Problem statement:
Copy the lines exactly. Begin at the first line of the data and stop after the line with "text \<open>CDF of".

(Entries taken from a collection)
◇ ◇ ◇ ◇ ◇ ◇ ◇

(* There is a universal constant $C$ such that for every $T$ and every sequence of outcomes $\mathbf x\in\{0,1\}^T$ fixed in advance, the forecasts $\mathbf p$ produced by the algorithm ForecastHedge satisfy $\mathbb E[\mathrm{VCal}(\mathbf p,\mathbf x)]\le C\sqrt T$, i.e. $\mathbb E[\mathrm{VCal}(\mathbf p,\mathbf x)]=O(\sqrt T)$.
   Context: ForecastHedge: let $S(z)=e^z/(e^z+e^{-z})$ and $\eta=1/\sqrt T$. Predict $p_1=1/2$. For $t=2,\dots,T$, let $\hat x_{t-1}=\frac1{t-1}\sum_{s=1}^{t-1}x_s$ and sample $p_t\in[0,1]$ (independently of previous randomness) from the distribution with $\Pr[p_t\le v]=S(\eta(t-1)(v-\hat x_{t-1}))$ for all $v\in[0,1)$ (and $\Pr[p_t\le 1]=1$); then observe $x_t$. For $\beta=\frac1T\sum_tx_t$ and a scoring rule $\ell:[0,1]\times\{0,1\}\to\mathbb R$, $\mathrm{Reg}_\ell(\mathbf p,\mathbf x)=\sum_t\ell(p_t,x_t)-\sum_t\ell(\beta,x_t)$. For $v\in[0,1]$, the V-shaped scoring rule is $\ell_v(p,0)=v\,\mathrm{sgn}(p-v)$, $\ell_v(p,1)=(1-v)\,\mathrm{sgn}(v-p)$ with $\mathrm{sgn}(0)=0$, and $\mathrm{VCal}(\mathbf p,\mathbf x)=\sup_{v\in[0,1]}\mathrm{Reg}_{\ell_v}(\mathbf p,\mathbf x)$. *)

theory Defs
  imports "HOL-Probability.Probability"
begin

text \<open>Outcomes x t and forecasts p t are indexed by rounds t = 1..T.\<close>

definition S :: "real \<Rightarrow> real" where
  "S z = exp z / (exp z + exp (- z))"

definition eta :: "nat \<Rightarrow> real" where
  "eta T = 1 / sqrt (real T)"

definition xhat :: "(nat \<Rightarrow> real) \<Rightarrow> nat \<Rightarrow> real" where
  "xhat x s = (\<Sum>i=1..s. x i) / real s"

text \<open>CDF of the forecast p_t of ForecastHedge (p_1 = 1/2 deterministically;
  for t >= 2: Pr[p_t <= v] = S(eta (t-1) (v - xhat_{t-1})) for v in [0,1),
  Pr[p_t <= 1] = 1, and p_t in [0,1], so Pr[p_t <= v] = 0 for v < 0).\<close>
definition fh_cdf :: "nat \<Rightarrow> (nat \<Rightarrow> real) \<Rightarrow> nat \<Rightarrow> real \<Rightarrow> real" where
  "fh_cdf T x t v =
     (if t = 1 then (if v < 1/2 then 0 else 1)
      else if v < 0 then 0
      else if v < 1 then S (eta T * real (t - 1) * (v - xhat x (t - 1)))
      else 1)"

definition fh_dist :: "nat \<Rightarrow> (nat \<Rightarrow> real) \<Rightarrow> nat \<Rightarrow> real measure" where
  "fh_dist T x t = interval_measure (fh_cdf T x t)"

definition fh_measure :: "nat \<Rightarrow> (nat \<Rightarrow> real) \<Rightarrow> (nat \<Rightarrow> real) measure" where
  "fh_measure T x = PiM {1..T} (\<lambda>t. fh_dist T x t)"

text \<open>V-shaped scoring rule; sgn 0 = 0 in Isabelle.\<close>
definition ell_V :: "real \<Rightarrow> real \<Rightarrow> real \<Rightarrow> real" where
  "ell_V v p y = (if y = 1 then (1 - v) * sgn (v - p) else v * sgn (p - v))"

definition beta :: "nat \<Rightarrow> (nat \<Rightarrow> real) \<Rightarrow> real" where
  "beta T x = (\<Sum>t=1..T. x t) / real T"

definition Reg :: "(real \<Rightarrow> real \<Rightarrow> real) \<Rightarrow> nat \<Rightarrow> (nat \<Rightarrow> real) \<Rightarrow> (nat \<Rightarrow> real) \<Rightarrow> real" where
  "Reg l T p x = (\<Sum>t=1..T. l (p t) (x t)) - (\<Sum>t=1..T. l (beta T x) (x t))"

definition VCal :: "nat \<Rightarrow> (nat \<Rightarrow> real) \<Rightarrow> (nat \<Rightarrow> real) \<Rightarrow> real" where
  "VCal T p x = (SUP v\<in>{0..1}. Reg (ell_V v) T p x)"

end

theory Submission
  imports Defs "HOL-Library.Discrete_Functions"
begin

text \<open>
  For binary outcomes the V-shaped regret at threshold \<open>v\<close> is
  \<open>\<Sum>t. sgn (p t - v) * (v - x t) + \<bar>\<Sum>t. v - x t\<bar>\<close>, and \<open>sgn (p - v) = 1 - [p \<le> v] - [p < v]\<close>.
  Replacing the two indicators by their probabilities splits the regret into a deterministic
  part and a fluctuation.  The deterministic part is the regret of Hedge with two experts and
  learning rate \<open>\<eta>\<close> on the losses \<open>\<plusminus>(v - x t)\<close>, because the forecast distribution at \<open>v\<close> is the
  logistic function of \<open>\<eta>\<close> times the cumulative loss difference; the potential
  \<open>ln (exp (\<eta> z) + exp (- \<eta> z))\<close> bounds it by \<open>O(\<surd>T)\<close>, uniformly in \<open>v\<close>.  The fluctuation is a
  weighted empirical distribution function of the independent forecasts minus its mean.  Its
  supremum over \<open>v\<close> is controlled by chaining along a dyadic grid that is uniform for the
  expected mass, with fourth moments of sums of independent centred indicators at every level;
  this gives expectation \<open>O(\<surd>T)\<close>.  Measurability holds because the supremum defining VCal may
  be taken over rational thresholds.
\<close>

section \<open>The forecast distributions\<close>

lemma S_altdef: "S z = 1 / (1 + exp (-2 * z))"
proof -
  have "S z = 1 / (1 + exp (-z) / exp z)"
    unfolding S_def by (simp add: field_simps add_pos_pos)
  also have "exp (-z) / exp z = exp (-2 * z)"
    by (simp add: exp_diff[symmetric])
  finally show ?thesis .
qed

lemma S_nonneg: "0 \<le> S z"
  unfolding S_def by (simp add: add_pos_pos)

lemma S_le_1: "S z \<le> 1"
  unfolding S_def by (simp add: add_pos_pos)

lemma S_mono: "z \<le> w \<Longrightarrow> S z \<le> S w"
  unfolding S_altdef by (rule divide_left_mono) (auto intro!: add_pos_pos mult_pos_pos)

lemma isCont_S: "isCont S z"
  unfolding S_altdef using add_pos_pos[OF zero_less_one exp_gt_zero[of "-2 * z"]]
  by (intro continuous_intros) simp

text \<open>With \<open>a = b\<close> this is the distribution function of the point mass at \<open>a\<close>; this covers the
  deterministic first forecast \<open>p 1 = 1/2\<close>.\<close>

definition clamped_cdf :: "real \<Rightarrow> real \<Rightarrow> (real \<Rightarrow> real) \<Rightarrow> real \<Rightarrow> real" where
  "clamped_cdf a b g v = (if v < a then 0 else if v < b then g v else 1)"

lemma
  assumes "a \<le> b" "mono g" "\<And>v. isCont g v" "\<And>v. 0 \<le> g v \<and> g v \<le> 1"
  shows mono_clamped_cdf: "mono (clamped_cdf a b g)"
    and continuous_at_right_clamped_cdf: "continuous (at_right v) (clamped_cdf a b g)"
    and tendsto_at_left_clamped_cdf:
      "(clamped_cdf a b g \<longlongrightarrow> (if v \<le> a then 0 else if v \<le> b then g v else 1)) (at_left v)"
    and tendsto_at_bot_clamped_cdf: "(clamped_cdf a b g \<longlongrightarrow> 0) at_bot"
    and tendsto_at_top_clamped_cdf: "(clamped_cdf a b g \<longlongrightarrow> 1) at_top"
proof -
  show "mono (clamped_cdf a b g)"
    using assms(1,2,4) by (auto simp: mono_def clamped_cdf_def intro: order.trans)
  have g_left: "(g \<longlongrightarrow> g v) (at_left v)" and g_right: "(g \<longlongrightarrow> g v) (at_right v)"
    using assms(3)[of v] by (simp_all add: isCont_def filterlim_at_split)
  have "\<forall>\<^sub>F u in at_right v. (if v < a then 0 else if v < b then g u else 1) = clamped_cdf a b g u"
    unfolding eventually_at_right_field
    by (rule exI[of _ "if v < a then a else if v < b then b else v + 1"]) (auto simp: clamped_cdf_def)
  moreover have "((\<lambda>u. if v < a then 0 else if v < b then g u else 1) \<longlongrightarrow> clamped_cdf a b g v) (at_right v)"
    using g_right by (simp add: clamped_cdf_def)
  ultimately show "continuous (at_right v) (clamped_cdf a b g)"
    unfolding continuous_within by (rule Lim_transform_eventually[rotated])
  have "\<forall>\<^sub>F u in at_left v. (if v \<le> a then 0 else if v \<le> b then g u else 1) = clamped_cdf a b g u"
    unfolding eventually_at_left_field
    by (rule exI[of _ "if v \<le> a then v - 1 else if v \<le> b then a else max a b"]) (auto simp: clamped_cdf_def)
  moreover have "((\<lambda>u. if v \<le> a then 0 else if v \<le> b then g u else 1)
      \<longlongrightarrow> (if v \<le> a then 0 else if v \<le> b then g v else 1)) (at_left v)"
    using g_left by simp
  ultimately show "(clamped_cdf a b g \<longlongrightarrow> (if v \<le> a then 0 else if v \<le> b then g v else 1)) (at_left v)"
    by (rule Lim_transform_eventually[rotated])
  have "\<forall>\<^sub>F u in at_bot. clamped_cdf a b g u = 0"
    unfolding eventually_at_bot_linorder by (rule exI[of _ "a - 1"]) (auto simp: clamped_cdf_def)
  then show "(clamped_cdf a b g \<longlongrightarrow> 0) at_bot" by (rule tendsto_eventually)
  have "\<forall>\<^sub>F u in at_top. clamped_cdf a b g u = 1"
    unfolding eventually_at_top_linorder by (rule exI[of _ "max a b"]) (auto simp: clamped_cdf_def)
  then show "(clamped_cdf a b g \<longlongrightarrow> 1) at_top" by (rule tendsto_eventually)
qed

lemma measure_interval_measure_lessThan:
  fixes F :: "real \<Rightarrow> real"
  assumes "mono F" "\<And>v. continuous (at_right v) F" "(F \<longlongrightarrow> 0) at_bot" "(F \<longlongrightarrow> 1) at_top"
    and "(F \<longlongrightarrow> l) (at_left v)"
  shows "measure (interval_measure F) {..<v} = l"
proof -
  interpret real_distribution "interval_measure F"
    using assms(1-4) by (intro real_distribution_interval_measure) (auto dest: monoD)
  have "cdf (interval_measure F) = F"
    using assms(1-3) by (intro cdf_interval_measure) (auto dest: monoD)
  then have "(F \<longlongrightarrow> measure (interval_measure F) {..<v}) (at_left v)"
    using cdf_at_left[of v] by simp
  from tendsto_unique[OF _ this assms(5)] show ?thesis
    by (simp add: trivial_limit_at_left_real)
qed

definition fh_cdf_core :: "nat \<Rightarrow> (nat \<Rightarrow> real) \<Rightarrow> nat \<Rightarrow> real \<Rightarrow> real" where
  "fh_cdf_core T x t v = S (eta T * real (t - 1) * (v - xhat x (t - 1)))"

lemma mono_fh_cdf_core: "mono (fh_cdf_core T x t)"
  unfolding fh_cdf_core_def eta_def by (intro monoI S_mono mult_left_mono) auto

lemma isCont_fh_cdf_core: "isCont (fh_cdf_core T x t) v"
  unfolding fh_cdf_core_def by (intro continuous_intros isCont_o2[OF _ isCont_S])

lemma fh_cdf_core_bounds: "0 \<le> fh_cdf_core T x t v \<and> fh_cdf_core T x t v \<le> 1"
  unfolding fh_cdf_core_def by (simp add: S_nonneg S_le_1)

lemma fh_cdf_eq_clamped_cdf:
  "fh_cdf T x t = (if t = 1 then clamped_cdf (1/2) (1/2) (fh_cdf_core T x t)
                   else clamped_cdf 0 1 (fh_cdf_core T x t))"
  by (auto simp: fun_eq_iff fh_cdf_def clamped_cdf_def fh_cdf_core_def)

lemma
  shows mono_fh_cdf: "mono (fh_cdf T x t)"
    and continuous_at_right_fh_cdf: "continuous (at_right v) (fh_cdf T x t)"
    and tendsto_at_bot_fh_cdf: "(fh_cdf T x t \<longlongrightarrow> 0) at_bot"
    and tendsto_at_top_fh_cdf: "(fh_cdf T x t \<longlongrightarrow> 1) at_top"
  using mono_clamped_cdf continuous_at_right_clamped_cdf tendsto_at_bot_clamped_cdf
    tendsto_at_top_clamped_cdf
  by (simp_all add: fh_cdf_eq_clamped_cdf mono_fh_cdf_core isCont_fh_cdf_core fh_cdf_core_bounds)

lemma tendsto_at_left_fh_cdf:
  "(fh_cdf T x t \<longlongrightarrow> (if t = 1 then (if v \<le> 1/2 then 0 else 1)
      else if v \<le> 0 then 0 else if v \<le> 1 then fh_cdf_core T x t v else 1)) (at_left v)"
proof -
  note left = tendsto_at_left_clamped_cdf[OF _ mono_fh_cdf_core isCont_fh_cdf_core fh_cdf_core_bounds]
  show ?thesis
    using left[of "1/2" "1/2" T x t v] left[of 0 1 T x t v]
    by (cases "t = 1"; cases "v \<le> 1/2") (simp_all add: fh_cdf_eq_clamped_cdf)
qed
text \<open>The hypothesis of the theorem forces orbits on the negative axis to grow more slowly:
  after \<open>c\<close> free steps from \<open>(-r_m, 0]\<close>, one block of \<open>N_k\<close> steps (with \<open>k\<close> large) lands in
  \<open>(-r_n, 0]\<close> at time \<open>n + T\<close>, whatever the delay \<open>T\<close>.\<close>

lemma nonpos_orbit_lags:
  fixes N :: "nat \<Rightarrow> nat"
  assumes jumps: "\<And>k. k \<ge> 2 \<Longrightarrow> (f ^^ N k) ` nonpos_segment (radius ((\<Sum>j=1..k-1. N j) + 2 * k))
                    \<subseteq> nonpos_segment (radius (\<Sum>j=1..k. N j))"
    and x: "x \<le> 0"
  shows "\<exists>n. norm ((f ^^ (n + T)) (complex_of_real x)) < radius n"
proof -
  define S where "S k = (\<Sum>j=1..k. N j)" for k
  define m where "m = nat \<lceil>- x\<rceil>"
  define k where "k = m + T + 2"
  define c where "c = S (k - 1) + T"
  have "- x < radius m" using radius_ge[of m] by (simp add: m_def) linarith
  hence "complex_of_real x \<in> nonpos_segment (radius m)" using real_nonpos_in_segment[OF x] by blast
  hence "(f ^^ c) (complex_of_real x) \<in> nonpos_segment (radius (m + c))"
    using iterate_maps_nonpos_segment by blast
  also have "\<dots> \<subseteq> nonpos_segment (radius (S (k - 1) + 2 * k))"
    by (intro nonpos_segment_mono) (simp add: strict_mono_less_eq[OF radius_strict_mono] c_def k_def)
  finally have "(f ^^ N k) ((f ^^ c) (complex_of_real x)) \<in> nonpos_segment (radius (S k))"
    using jumps[of k] by (auto simp: S_def k_def)
  moreover have "S k + T = N k + c"
    by (simp add: S_def c_def k_def)
  ultimately have "norm ((f ^^ (S k + T)) (complex_of_real x)) < radius (S k)"
    by (simp add: funpow_add norm_in_nonpos_segment)
  thus ?thesis by blast
qed

end

theorem lemma3p1:
  fixes f :: "complex \<Rightarrow> complex" and a :: "nat \<Rightarrow> real" and p :: "nat \<Rightarrow> nat"
  assumes a_pos: "\<And>n. a n > 0"
    and a_mono: "strict_mono a"
    and p_pos: "\<And>n. p n \<ge> 1"
    and conv: "\<And>z. convergent_prod (\<lambda>n. (1 + z / complex_of_real (a n)) ^ (2 * p n))"
    and f_def: "\<And>z. f z = z ^ 3 * (\<Prod>n. (1 + z / complex_of_real (a n)) ^ (2 * p n))"
    and entire: "f holomorphic_on UNIV"
    and transc: "\<not> (\<exists>q :: complex poly. \<forall>z. f z = poly q z)"
    and N_pos: "\<And>k. k \<ge> 1 \<Longrightarrow> N k > (0::nat)"
    and N1: "(f ^^ N 1) ` (complex_of_real ` {- rseq a p 2 <.. 0})
               \<subseteq> complex_of_real ` {- rseq a p (N 1) <.. 0}"
    and Nk: "\<And>k. k \<ge> 2 \<Longrightarrow>
          (f ^^ N k) ` (complex_of_real ` {- rseq a p ((\<Sum>j=1..k-1. N j) + 2 * k) <.. 0})
            \<subseteq> complex_of_real ` {- rseq a p (\<Sum>j=1..k. N j) <.. 0}"
  shows "\<forall>R>0. (\<forall>r\<ge>R. maxmod f r > r) \<longrightarrow>
           fast_escaping f R \<inter> complex_of_real ` {..0} = {}"
proof (intro allI impI equals0I)
  interpret even_zero_product a p f
    using a_pos a_mono p_pos conv f_def by unfold_locales auto
  fix R w
  assume R: "R > 0" and above: "\<forall>r\<ge>R. maxmod f r > r"
    and w: "w \<in> fast_escaping f R \<inter> complex_of_real ` {..0}"
  have cont: "continuous_on UNIV f" using entire by (rule holomorphic_on_imp_continuous_on)
  obtain x where x: "w = complex_of_real x" "x \<le> 0" using w by auto
  obtain T where T: "\<And>n. rseq a p n \<le> norm ((f ^^ (n + T)) w)"
    using fast_escaping_lower_bound[OF cont R above] w by blast
  have jumps: "(f ^^ N k) ` nonpos_segment (rseq a p ((\<Sum>j=1..k-1. N j) + 2 * k))
                 \<subseteq> nonpos_segment (rseq a p (\<Sum>j=1..k. N j))" if "k \<ge> 2" for k
    using Nk[OF that] by (simp add: nonpos_segment_def)
  obtain n where "norm ((f ^^ (n + T)) w) < rseq a p n"
    using nonpos_orbit_lags[OF jumps x(2)] x(1) by blast
  thus False using T[of n] by simp
qed

end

◇ ◇ ◇ ◇ ◇ ◇ ◇

Exercise solution:
(* There is a universal constant $C$ such that for every $T$ and every sequence of outcomes $\mathbf x\in\{0,1\}^T$ fixed in advance, the forecasts $\mathbf p$ produced by the algorithm ForecastHedge satisfy $\mathbb E[\mathrm{VCal}(\mathbf p,\mathbf x)]\le C\sqrt T$, i.e. $\mathbb E[\mathrm{VCal}(\mathbf p,\mathbf x)]=O(\sqrt T)$.
   Context: ForecastHedge: let $S(z)=e^z/(e^z+e^{-z})$ and $\eta=1/\sqrt T$. Predict $p_1=1/2$. For $t=2,\dots,T$, let $\hat x_{t-1}=\frac1{t-1}\sum_{s=1}^{t-1}x_s$ and sample $p_t\in[0,1]$ (independently of previous randomness) from the distribution with $\Pr[p_t\le v]=S(\eta(t-1)(v-\hat x_{t-1}))$ for all $v\in[0,1)$ (and $\Pr[p_t\le 1]=1$); then observe $x_t$. For $\beta=\frac1T\sum_tx_t$ and a scoring rule $\ell:[0,1]\times\{0,1\}\to\mathbb R$, $\mathrm{Reg}_\ell(\mathbf p,\mathbf x)=\sum_t\ell(p_t,x_t)-\sum_t\ell(\beta,x_t)$. For $v\in[0,1]$, the V-shaped scoring rule is $\ell_v(p,0)=v\,\mathrm{sgn}(p-v)$, $\ell_v(p,1)=(1-v)\,\mathrm{sgn}(v-p)$ with $\mathrm{sgn}(0)=0$, and $\mathrm{VCal}(\mathbf p,\mathbf x)=\sup_{v\in[0,1]}\mathrm{Reg}_{\ell_v}(\mathbf p,\mathbf x)$. *)

theory Defs
  imports "HOL-Probability.Probability"
begin

text \<open>Outcomes x t and forecasts p t are indexed by rounds t = 1..T.\<close>

definition S :: "real \<Rightarrow> real" where
  "S z = exp z / (exp z + exp (- z))"

definition eta :: "nat \<Rightarrow> real" where
  "eta T = 1 / sqrt (real T)"

definition xhat :: "(nat \<Rightarrow> real) \<Rightarrow> nat \<Rightarrow> real" where
  "xhat x s = (\<Sum>i=1..s. x i) / real s"

text \<open>CDF of the forecast p_t of ForecastHedge (p_1 = 1/2 deterministically;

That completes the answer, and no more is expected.